» **WHAT IS NEEDED**
Exact reproduction is needed for the lines from the one with "using assms" to the end of the listing below, and for no other lines.

» **INFORMATION GIVEN**
______

text \<open>X walks along V, spending K steps on each edge.\<close>

definition subdivides :: "nat \<Rightarrow> 'a list \<Rightarrow> 'a list \<Rightarrow> bool" where
  "subdivides K X V \<longleftrightarrow> length X = (length V - 1) * K \<and>
     (\<forall>j < length X. X!j = V!(j div K) \<or> X!j = V!(Suc (j div K))) \<and>
     (\<forall>k < length V - 1. X!(k * K) = V!k)"

lemma subdivides_drop:
  assumes sub: "subdivides K X (v # V)" and K: "0 < K"
  shows "subdivides K (drop K X) V"
  unfolding subdivides_def
proof (intro conjI allI impI)
  have lX: "length X = length V * K" using sub by (simp add: subdivides_def)
  then show "length (drop K X) = (length V - 1) * K" by (simp add: diff_mult_distrib)
  fix j assume "j < length (drop K X)"
  then have jK: "j + K < length X" using lX by simp
  then have "X!(j + K) = (v # V)!((j + K) div K) \<or> X!(j + K) = (v # V)!(Suc ((j + K) div K))"
    using sub unfolding subdivides_def by blast
  moreover have "(j + K) div K = Suc (j div K)" using K by simp
  ultimately show "drop K X ! j = V ! (j div K) \<or> drop K X ! j = V ! Suc (j div K)"
    using jK by (simp add: add.commute)
next
  fix k assume k: "k < length V - 1"
  have lX: "length X = length V * K" using sub by (simp add: subdivides_def)
  have "\<forall>k < length (v # V) - 1. X!(k * K) = (v # V)!k"
    using sub unfolding subdivides_def by blast
  from this[rule_format, of "Suc k"] have "X!(K + k * K) = V!k" using k by simp
  moreover have "K \<le> length X" using k lX by (cases "length V") auto
  ultimately show "drop K X ! (k * K) = V ! k" by simp
qed

lemma subdivides_first_block:
  assumes sub: "subdivides K X (v0 # v1 # V)" and K: "0 < K"
  obtains Y where "take K X = v0 # Y" "set Y \<subseteq> {v0, v1}"
proof -
  have lX: "K \<le> length X" using sub by (simp add: subdivides_def)
  have "\<forall>k < length (v0 # v1 # V) - 1. X!(k * K) = (v0 # v1 # V)!k"
    using sub unfolding subdivides_def by blast
  from this[rule_format, of 0] have "X!0 = v0" by simp
  moreover have ne: "take K X \<noteq> []" using lX K by (cases X) auto
  ultimately have "hd (take K X) = v0" using K by (simp add: hd_conv_nth)
  define Y where "Y = tl (take K X)"
  have Y: "take K X = v0 # Y" unfolding Y_def using ne \<open>hd (take K X) = v0\<close> by (metis list.collapse)
  have "set Y \<subseteq> {v0, v1}"
  proof
    fix z assume "z \<in> set Y"
    then obtain i where i: "i < length Y" "Y ! i = z" by (auto simp: in_set_conv_nth)
    have "Suc (length Y) = K" using arg_cong[OF Y, of length] lX by simp
    then have iK: "Suc i < K" using i by simp
    then have "X ! Suc i = z" using arg_cong[OF Y, of "\<lambda>xs. xs ! Suc i"] i by simp
    moreover have "\<forall>j < length X. X!j = (v0 # v1 # V)!(j div K) \<or> X!j = (v0 # v1 # V)!(Suc (j div K))"
      using sub unfolding subdivides_def by blast
    ultimately show "z \<in> {v0, v1}" using iK lX by (auto dest: spec[of _ "Suc i"])
  qed
  then show ?thesis using that Y by blast
qed

lemma flag_equiv_subdivision:
  assumes "edge_chain G S V" "subdivides K X V" "0 < K"
  shows "flag_equiv G S (X @ [last V]) V"
  using assms
proof (induction V arbitrary: X rule: induct_list012)
  case 1
  then show ?case by (simp add: edge_chain_def)
next
  case (2 v)
  then show ?case by (simp add: subdivides_def)
next
  case (3 v0 v1 V)
  have "edge_chain G S (v1 # V)" using 3(3) by simp
  then have IH: "flag_equiv G S (drop K X @ [last (v1 # V)]) (v1 # V)"
    by (rule 3(2)[OF _ subdivides_drop[OF 3(4,5)] 3(5)])
  obtain Y where Y: "take K X = v0 # Y" "set Y \<subseteq> {v0, v1}"
    using subdivides_first_block[OF 3(4,5)] .
  have e01: "adjeq G S v0 v1" using 3(3) by simp
  have "flag_equiv G S ([] @ (v0 # Y @ [v1]) @ V) ([] @ [v0, v1] @ V)"
    by (rule flag_equiv_context[OF flag_equiv_two_vertices[OF e01 Y(2)]]) simp
  then have A: "flag_equiv G S (take K X @ v1 # V) (v0 # v1 # V)" using Y by simp
  have "flag_equiv G S (take K X @ (drop K X @ [last (v1 # V)]) @ []) (take K X @ (v1 # V) @ [])"
    by (rule flag_equiv_context[OF IH])
  then have "flag_equiv G S (X @ [last (v0 # v1 # V)]) (take K X @ v1 # V)"
    by (simp add: append_assoc[symmetric] del: append_assoc)
  then show ?case using flag_equiv_trans A by blast
qed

______

» **ANSWER TO THE EXERCISE**
  using assms
proof (induction V arbitrary: X rule: induct_list012)
  case 1
  then show ?case by (simp add: edge_chain_def)
next
  case (2 v)
  then show ?case by (simp add: subdivides_def)
next
  case (3 v0 v1 V)
  have "edge_chain G S (v1 # V)" using 3(3) by simp
  then have IH: "flag_equiv G S (drop K X @ [last (v1 # V)]) (v1 # V)"
    by (rule 3(2)[OF _ subdivides_drop[OF 3(4,5)] 3(5)])
  obtain Y where Y: "take K X = v0 # Y" "set Y \<subseteq> {v0, v1}"
    using subdivides_first_block[OF 3(4,5)] .
  have e01: "adjeq G S v0 v1" using 3(3) by simp
  have "flag_equiv G S ([] @ (v0 # Y @ [v1]) @ V) ([] @ [v0, v1] @ V)"
    by (rule flag_equiv_context[OF flag_equiv_two_vertices[OF e01 Y(2)]]) simp
  then have A: "flag_equiv G S (take K X @ v1 # V) (v0 # v1 # V)" using Y by simp
  have "flag_equiv G S (take K X @ (drop K X @ [last (v1 # V)]) @ []) (take K X @ (v1 # V) @ [])"
    by (rule flag_equiv_context[OF IH])
  then have "flag_equiv G S (X @ [last (v0 # v1 # V)]) (take K X @ v1 # V)"
    by (simp add: append_assoc[symmetric] del: append_assoc)
  then show ?case using flag_equiv_trans A by blast
qed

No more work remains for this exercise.